**Work instruction**
Extract, from the records beneath this instruction, each line that contains the word "else".

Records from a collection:
lemma reflections_orthonormal:
  "orthonormal_list fs \<Longrightarrow> reflections fs v = v - 2 *\<^sub>R (\<Sum>f\<in>set fs. (v \<bullet> f) *\<^sub>R f)"
proof (induction fs)
  case (Cons f fs)
  let ?w = "v - 2 *\<^sub>R (\<Sum>g\<in>set fs. (v \<bullet> g) *\<^sub>R g)"
  have f: "orthonormal_list fs" "f \<notin> set fs" "\<forall>g\<in>set fs. f \<bullet> g = 0"
    using Cons.prems by (simp_all add: orthonormal_list_Cons)
  then have "f \<bullet> ?w = f \<bullet> v"
    by (simp add: inner_diff_right inner_sum_right)
  then have "reflections (f # fs) v = ?w - (2 * (f \<bullet> v)) *\<^sub>R f"
    using Cons.IH f(1) by (simp add: reflection_def)
  then show ?case
    using f(2) by (simp add: algebra_simps inner_commute)
qed simp

lemma trace_reflections_orthonormal:
  fixes fs :: "(real^'m) list"
  assumes "orthonormal_list fs"
  shows "trace (matrix (reflections fs)) = real CARD('m) - 2 * real (length fs)"
proof -
  have unit: "(\<Sum>i\<in>UNIV. f $ i * f $ i) = 1" if "f \<in> set fs" for f
  proof -
    have "f \<bullet> f = 1"
      using assms that unfolding orthonormal_list_def by (simp add: dot_square_norm)
    then show ?thesis
      by (simp add: inner_vec_def)
  qed
  have "trace (matrix (reflections fs)) = (\<Sum>i\<in>UNIV. 1 - 2 * (\<Sum>f\<in>set fs. f $ i * f $ i))"
    unfolding trace_def matrix_def reflections_orthonormal[OF assms]
    by (simp add: inner_commute inner_axis sum_component)
  also have "\<dots> = real CARD('m) - 2 * (\<Sum>f\<in>set fs. \<Sum>i\<in>UNIV. f $ i * f $ i)"
    by (simp add: sum_subtractf sum_distrib_left[symmetric] sum.swap[of _ "set fs"])
  also have "\<dots> = real CARD('m) - 2 * real (length fs)"
    using assms unit by (simp add: orthonormal_list_def distinct_card)
  finally show ?thesis .
qed

lemma orthogonal_involution_eq_reflections:
  fixes T :: "real^'m \<Rightarrow> real^'m"
  assumes T: "orthogonal_transformation T" and inv: "\<And>v. T (T v) = v"
  obtains fs where "orthonormal_list fs" "reflections fs = T"
proof -
  have lin: "linear T"
    using T by (rule orthogonal_transformation_linear)
  let ?E = "{v. T v = - v}"
  have "subspace ?E"
    unfolding subspace_def using lin by (simp add: linear_0 linear_add linear_cmul)
  then obtain B where B: "B \<subseteq> ?E" "pairwise orthogonal B" "\<And>x. x \<in> B \<Longrightarrow> norm x = 1"
      "independent B" "span B = ?E"
    by (rule orthonormal_basis_subspace) blast
  have fin: "finite B"
    using B(4) by (rule finiteI_independent)
  then obtain fs where fs: "set fs = B" "distinct fs"
    using finite_distinct_list by blast
  have ofs: "orthonormal_list fs"
    unfolding orthonormal_list_def using fs B(2,3) by auto
  have proj: "(\<Sum>f\<in>B. (v \<bullet> f) *\<^sub>R f) = (1/2) *\<^sub>R (v - T v)" for v
  proof -
    let ?w = "(1/2) *\<^sub>R (v - T v)"
    have "T ?w = - ?w"
      using lin inv by (simp add: linear_cmul linear_diff)
    then have "(\<Sum>f\<in>B. (?w \<bullet> f) *\<^sub>R f) = ?w"
      using orthonormal_basis_expand[OF B(2) _ _ fin] B(3,5) by blast
    moreover have "v \<bullet> f = ?w \<bullet> f" if "f \<in> B" for f
    proof -
      have "T (- f) = f"
        using B(1) that lin by (auto simp: linear_neg)
      then have "T v \<bullet> f = T v \<bullet> T (- f)"
        by simp
      also have "\<dots> = - (v \<bullet> f)"
        using T lin unfolding orthogonal_transformation_def by (simp add: linear_neg)
      finally show ?thesis
        by (simp add: inner_diff_left)
    qed
    ultimately show ?thesis
      by (metis (no_types, lifting) sum.cong)
  qed
  have "reflections fs = T"
    unfolding fun_eq_iff reflections_orthonormal[OF ofs] fs(1) proj by (simp add: algebra_simps)
  with ofs show ?thesis
    by (rule that)
qed

lemma cl_vec_commute_prod_orthogonal:
  "\<forall>g\<in>set gs. f \<bullet> g = 0 \<Longrightarrow>
    cl_mult (cl_vec f) (cl_vec_prod gs)
      = cl_scale ((-1) ^ length gs) (cl_mult (cl_vec_prod gs) (cl_vec f))"
proof (induction gs)
  case (Cons g gs)
  have "cl_mult (cl_vec f) (cl_vec_prod (g # gs))
      = - cl_mult (cl_vec g) (cl_mult (cl_vec f) (cl_vec_prod gs))"
    using Cons.prems by (simp add: cl_vec_anticomm_orthogonal flip: cl_mult_assoc)
  then show ?case
    using Cons by (simp add: cl_mult_scale_right cl_mult_assoc flip: cl_scale_minus_one)
qed simp

lemma cl_vec_prod_square_orthonormal:
  "orthonormal_list fs \<Longrightarrow>
    cl_mult (cl_vec_prod fs) (cl_vec_prod fs)
      = (if length fs mod 4 = 0 \<or> length fs mod 4 = 3 then cl_one else - cl_one)"
proof (induction fs)
  case (Cons f fs)
  let ?P = "cl_vec_prod fs"
  have f: "orthonormal_list fs" "norm f = 1" "\<forall>g\<in>set fs. f \<bullet> g = 0"
    using Cons.prems by (simp_all add: orthonormal_list_Cons)
  have "cl_mult (cl_vec_prod (f # fs)) (cl_vec_prod (f # fs))
      = cl_scale ((-1) ^ length fs) (cl_mult ?P (cl_mult (cl_mult (cl_vec f) (cl_vec f)) ?P))"
    using f(3) by (simp add: cl_vec_commute_prod_orthogonal cl_mult_scale_left cl_mult_assoc)
  also have "\<dots> = cl_scale (- ((-1) ^ length fs)) (cl_mult ?P ?P)"
    using f(2) by (simp add: cl_vec_unit_square cl_scale_def fun_eq_iff)
  also have "\<dots>
      = (if length (f # fs) mod 4 = 0 \<or> length (f # fs) mod 4 = 3 then cl_one else - cl_one)"
  proof -
    have "(Suc n mod 4 = 0 \<or> Suc n mod 4 = 3) \<longleftrightarrow> ((n mod 4 = 0 \<or> n mod 4 = 3) \<longleftrightarrow> odd n)"
      for n :: nat
      by presburger
    then show ?thesis
      using Cons.IH[OF f(1)] by (auto simp: cl_scale_def fun_eq_iff)
  qed
  finally show ?case .
qed simp
lemma infinite_imp_inj_prod_countable:
  assumes "infinite (UNIV :: 'a set)"
  obtains Q :: "'a \<times> 'a \<times> 'c::countable \<Rightarrow> 'a" where "inj Q"
proof -
  obtain P :: "'a \<times> 'a \<Rightarrow> 'a" where "bij_betw P (UNIV \<times> UNIV) UNIV"
    using card_of_Times_same_infinite[OF assms] card_of_ordIso by blast
  then have P: "inj P" by (simp add: bij_betw_def)
  obtain e :: "nat \<Rightarrow> 'a" where e: "inj e"
    using infinite_countable_subset[OF assms] by blast
  have "inj (\<lambda>(u, v, r::'c). P (P (u, v), e (to_nat r)))"
    by (rule injI, clarify) (simp add: inj_eq[OF P] inj_eq[OF e] inj_eq[OF inj_to_nat])
  then show thesis by (rule that)
qed

lemma inj_rat_cut: "inj (\<lambda>s::real. {r::rat. of_rat r < s})"
proof (rule injI)
  have "{r::rat. of_rat r < s} \<noteq> {r. of_rat r < s'}" if lt: "s < s'" for s s' :: real
  proof -
    obtain q where "s < of_rat q" "of_rat q < s'"
      using of_rat_dense[OF lt] by blast
    then have "q \<in> {r. of_rat r < s'}" "q \<notin> {r. of_rat r < s}" by auto
    then show ?thesis by blast
  qed
  then show "s = s'" if "{r::rat. of_rat r < s} = {r. of_rat r < s'}" for s s' :: real
    using that by (metis linorder_neq_iff)
qed

lemma infinite_imp_inj_triple_Pow:
  assumes "infinite (UNIV :: 'a set)"
  obtains c :: "'a \<times> 'a \<times> real \<Rightarrow> 'a set" where "inj c"
proof -
  obtain Q :: "'a \<times> 'a \<times> rat \<Rightarrow> 'a" where Q: "inj Q"
    using infinite_imp_inj_prod_countable[OF assms] by blast
  define c where "c = (\<lambda>(u, v, s::real). (\<lambda>r. Q (u, v, r)) ` {r. of_rat r < s})"
  have "inj c"
  proof (rule injI)
    fix b b' :: "'a \<times> 'a \<times> real" assume eq: "c b = c b'"
    obtain u v s u' v' s' where b: "b = (u, v, s)" and b': "b' = (u', v', s')"
      by (metis prod_cases3)
    obtain r :: rat where "of_rat r < s"
      using of_rat_dense[of "s - 1" s] by auto
    then have "Q (u, v, r) \<in> c b'" using eq by (auto simp: c_def b)
    then obtain r' where "Q (u, v, r) = Q (u', v', r')" by (auto simp: c_def b')
    then have uv: "u = u'" "v = v'" by (simp_all add: inj_eq[OF Q])
    have "inj (\<lambda>r. Q (u, v, r))" by (rule injI) (simp add: inj_eq[OF Q])
    then have "{r. of_rat r < s} = {r. of_rat r < s'}"
      using eq by (simp add: c_def b b' uv inj_image_eq_iff)
    then have "s = s'" using injD[OF inj_rat_cut] by blast
    then show "b = b'" using b b' uv by simp
  qed
  then show thesis by (rule that)
qed

definition mix_dist :: "'a::metric_space \<Rightarrow> 'a \<times> 'a \<times> real \<Rightarrow> real" where
  "mix_dist w = (\<lambda>(u, v, s). (1 - s) * dist w u + s * dist w v)"

(* The functions mix_dist _ b are unbounded, but their differences are bounded. *)
definition mix_pdist :: "'a::metric_space \<times> 'a \<times> real \<Rightarrow> 'a \<times> 'a \<times> real \<Rightarrow> real" where
  "mix_pdist b b' = (SUP w. \<bar>mix_dist w b - mix_dist w b'\<bar>)"

lemma mix_dist_diff_param:
  "\<bar>mix_dist w (u, v, s) - mix_dist w (u, v, s')\<bar> \<le> \<bar>s - s'\<bar> * dist u v"
proof -
  have "\<bar>mix_dist w (u, v, s) - mix_dist w (u, v, s')\<bar> = \<bar>s - s'\<bar> * \<bar>dist v w - dist w u\<bar>"
    by (simp add: mix_dist_def dist_commute abs_mult[symmetric] algebra_simps)
  also have "\<dots> \<le> \<bar>s - s'\<bar> * dist v u"
    by (intro mult_left_mono abs_dist_diff_le) simp
  finally show ?thesis by (simp add: dist_commute)
qed

lemma mix_dist_diff_ends:
  "\<bar>mix_dist w (u, v, s) - mix_dist w (u', v', s)\<bar> \<le> \<bar>1 - s\<bar> * dist u u' + \<bar>s\<bar> * dist v v'"
proof -
  have "\<bar>mix_dist w (u, v, s) - mix_dist w (u', v', s)\<bar>
      = \<bar>(1 - s) * (dist u w - dist w u') + s * (dist v w - dist w v')\<bar>"
    by (simp add: mix_dist_def dist_commute algebra_simps)
  also have "\<dots> \<le> \<bar>1 - s\<bar> * \<bar>dist u w - dist w u'\<bar> + \<bar>s\<bar> * \<bar>dist v w - dist w v'\<bar>"
    by (metis abs_mult abs_triangle_ineq)
  also have "\<dots> \<le> \<bar>1 - s\<bar> * dist u u' + \<bar>s\<bar> * dist v v'"
    by (intro add_mono mult_left_mono abs_dist_diff_le) simp_all
  finally show ?thesis .
qed
lemma cost_lip_const_nonneg: "cost_lip_const n \<rho> \<alpha> w d \<beta> \<ge> 0"
  by (induction d arbitrary: \<beta>) (simp_all add: Phi_lip_const_def)

lemma relaxed_cost_nonneg:
  assumes "\<forall>j\<in>{k..k + d}. psd_mat n (wsum n N R \<theta> j) \<and> A j \<in> carrier_mat n n"
    and "psd_mat n W" and "psd_mat n P"
  shows "relaxed_cost A W N R \<theta> d k P \<ge> 0"
  using assms
proof (induction d arbitrary: k P)
  case 0
  then show ?case
    using psd_mat_mtrace_nonneg[OF Phi_psd[OF _ "0.prems"(3)]] psd_matD(1)[OF "0.prems"(3)] by simp
next
  case (Suc d)
  let ?P' = "Phi (wsum n N R \<theta> k) P"
  have R: "psd_mat n (wsum n N R \<theta> k)" and A: "A k \<in> carrier_mat n n" using Suc.prems(1) by auto
  have P': "psd_mat n ?P'" by (rule Phi_psd[OF R Suc.prems(3)])
  have "relaxed_cost A W N R \<theta> d (Suc k) (hpred (A k) W ?P') \<ge> 0"
    by (rule Suc.IH) (use Suc.prems hpred_psd[OF P' A Suc.prems(2)] in auto)
  then show ?case using psd_mat_mtrace_nonneg[OF P'] psd_matD(1)[OF Suc.prems(3)] by (simp add: Let_def)
qed

lemma relaxed_cost_lipschitz:
  assumes "\<forall>j\<in>{k..k + d}. psd_mat n (wsum n N R \<theta> j) \<and> l1_norm (wsum n N R \<theta> j) \<le> \<rho>
      \<and> A j \<in> carrier_mat n n \<and> l1_norm (A j) \<le> \<alpha>"
    and "psd_mat n W" and "psd_mat n P" and "psd_mat n Q"
    and "l1_norm P \<le> \<beta>" and "l1_norm Q \<le> \<beta>"
  shows "\<bar>relaxed_cost A W N R \<theta> d k P - relaxed_cost A W N R \<theta> d k Q\<bar>
    \<le> cost_lip_const n \<rho> \<alpha> (l1_norm W) d \<beta> * l1_norm (P - Q)"
  using assms
proof (induction d arbitrary: k \<beta> P Q)
  case 0
  let ?R = "wsum n N R \<theta> k"
  have R: "psd_mat n ?R" "l1_norm ?R \<le> \<rho>" using "0.prems"(1) by auto
  have "\<bar>mtrace (Phi ?R P) - mtrace (Phi ?R Q)\<bar> \<le> l1_norm (Phi ?R P - Phi ?R Q)"
    by (rule abs_mtrace_diff_le[OF Phi_mat Phi_mat]) (use R "0.prems" in auto)
  also have "\<dots> \<le> Phi_lip_const n \<rho> \<beta> * l1_norm (P - Q)"
    by (rule l1_norm_Phi_diff_le[OF R(1) "0.prems"(3,4) R(2) "0.prems"(5,6)])
  finally show ?case using psd_matD(1)[OF "0.prems"(3)] psd_matD(1)[OF "0.prems"(4)] by simp
next
  case (Suc d)
  let ?R = "wsum n N R \<theta> k" and ?w = "l1_norm W"
  let ?P' = "hpred (A k) W (Phi ?R P)" and ?Q' = "hpred (A k) W (Phi ?R Q)"
  let ?c = "Phi_lip_const n \<rho> \<beta>" and ?L = "cost_lip_const n \<rho> \<alpha> ?w d (\<alpha>\<^sup>2 * (real n * \<beta>) + ?w)"
  have R: "psd_mat n ?R" "l1_norm ?R \<le> \<rho>" and A: "A k \<in> carrier_mat n n" "l1_norm (A k) \<le> \<alpha>"
    using Suc.prems(1) by auto
  note P = Suc.prems(3) and Q = Suc.prems(4) and W = psd_matD(1)[OF Suc.prems(2)]
  have "\<bar>mtrace (Phi ?R P) - mtrace (Phi ?R Q)\<bar> \<le> ?c * l1_norm (P - Q)"
    using abs_mtrace_diff_le[OF Phi_mat[OF R(1) P] Phi_mat[OF R(1) Q]]
      l1_norm_Phi_diff_le[OF R(1) P Q R(2) Suc.prems(5,6)] by simp
  moreover have "\<bar>relaxed_cost A W N R \<theta> d (Suc k) ?P' - relaxed_cost A W N R \<theta> d (Suc k) ?Q'\<bar>
      \<le> ?L * l1_norm (?P' - ?Q')"
    by (rule Suc.IH)
      (use Suc.prems hpred_psd[OF Phi_psd[OF R(1)] A(1) Suc.prems(2)]
         l1_norm_hpred_Phi_le[OF R(1) _ A(1) W A(2)] in auto)
  moreover have "?L * l1_norm (?P' - ?Q') \<le> ?L * (\<alpha>\<^sup>2 * (?c * l1_norm (P - Q)))"
    using l1_norm_hpred_Phi_diff_le[OF R(1) P Q A(1) W R(2) A(2) Suc.prems(5,6)] cost_lip_const_nonneg
    by (rule mult_left_mono)
  ultimately have "\<bar>relaxed_cost A W N R \<theta> (Suc d) k P - relaxed_cost A W N R \<theta> (Suc d) k Q\<bar>
      \<le> ?c * l1_norm (P - Q) + ?L * (\<alpha>\<^sup>2 * (?c * l1_norm (P - Q)))"
    using psd_matD(1)[OF P] psd_matD(1)[OF Q] by (simp add: Let_def)
  then show ?case by (simp add: algebra_simps)
qed

lemma abs_U_relaxed_diff_le:
  assumes N: "N \<ge> 1" and t: "t \<le> T"
    and A: "\<And>k. k \<le> T \<Longrightarrow> A k \<in> carrier_mat n n \<and> l1_norm (A k) \<le> \<alpha>"
    and W: "psd_mat n W"
    and R: "\<And>i k. i \<in> {1..N} \<Longrightarrow> k \<le> T \<Longrightarrow> psd_mat n (R i k)"
    and \<rho>: "\<And>k. k \<le> T \<Longrightarrow> (\<Sum>i=1..N. l1_norm (R i k)) \<le> \<rho>"
    and P: "psd_mat n P" and Q: "psd_mat n Q" and lP: "l1_norm P \<le> \<beta>" and lQ: "l1_norm Q \<le> \<beta>"
  shows "\<bar>U_relaxed A W N R T t P - U_relaxed A W N R T t Q\<bar>
    \<le> cost_lip_const n \<rho> \<alpha> (l1_norm W) (T - t) \<beta> * l1_norm (P - Q)"
proof -
  let ?S = "relaxed_schedules N t T"
  have stages: "\<forall>j\<in>{t..t + (T - t)}. psd_mat n (wsum n N R \<theta> j) \<and> l1_norm (wsum n N R \<theta> j) \<le> \<rho>
      \<and> A j \<in> carrier_mat n n \<and> l1_norm (A j) \<le> \<alpha>" if "\<theta> \<in> ?S" for \<theta>
  proof
    fix j
    assume j: "j \<in> {t..t + (T - t)}"
    then have "\<forall>i\<in>{1..N}. psd_mat n (R i j) \<and> 0 \<le> \<theta> j i \<and> \<theta> j i \<le> 1"
      using that t R unfolding relaxed_schedules_def by auto
    then show "psd_mat n (wsum n N R \<theta> j) \<and> l1_norm (wsum n N R \<theta> j) \<le> \<rho>
      \<and> A j \<in> carrier_mat n n \<and> l1_norm (A j) \<le> \<alpha>"
      using wsum_psd_l1_norm_le[of N n R j \<theta>] \<rho>[of j] A[of j] j t by auto
  qed
  have "(\<lambda>k i. if i = 1 then 1 else 0) \<in> ?S" using N unfolding relaxed_schedules_def by auto
  then have nonempty: "?S \<noteq> {}" by blast
  have bdd: "bdd_below ((\<lambda>\<theta>. relaxed_cost A W N R \<theta> (T - t) t M) ` ?S)" if M: "psd_mat n M" for M
  proof (rule bdd_belowI[of _ 0])
    fix c
    assume "c \<in> (\<lambda>\<theta>. relaxed_cost A W N R \<theta> (T - t) t M) ` ?S"
    then obtain \<theta> where "\<theta> \<in> ?S" "c = relaxed_cost A W N R \<theta> (T - t) t M" by blast
    then show "0 \<le> c" using relaxed_cost_nonneg[OF _ W M] stages by simp
  qed
  show ?thesis unfolding U_relaxed_def
    by (rule abs_INF_diff_le[OF nonempty bdd[OF P] bdd[OF Q]])
      (rule relaxed_cost_lipschitz[OF stages W P Q lP lQ])
qed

**Output**
      = (if length fs mod 4 = 0 \<or> length fs mod 4 = 3 then cl_one else - cl_one)"
      = (if length (f # fs) mod 4 = 0 \<or> length (f # fs) mod 4 = 3 then cl_one else - cl_one)"
  have "(\<lambda>k i. if i = 1 then 1 else 0) \<in> ?S" using N unfolding relaxed_schedules_def by auto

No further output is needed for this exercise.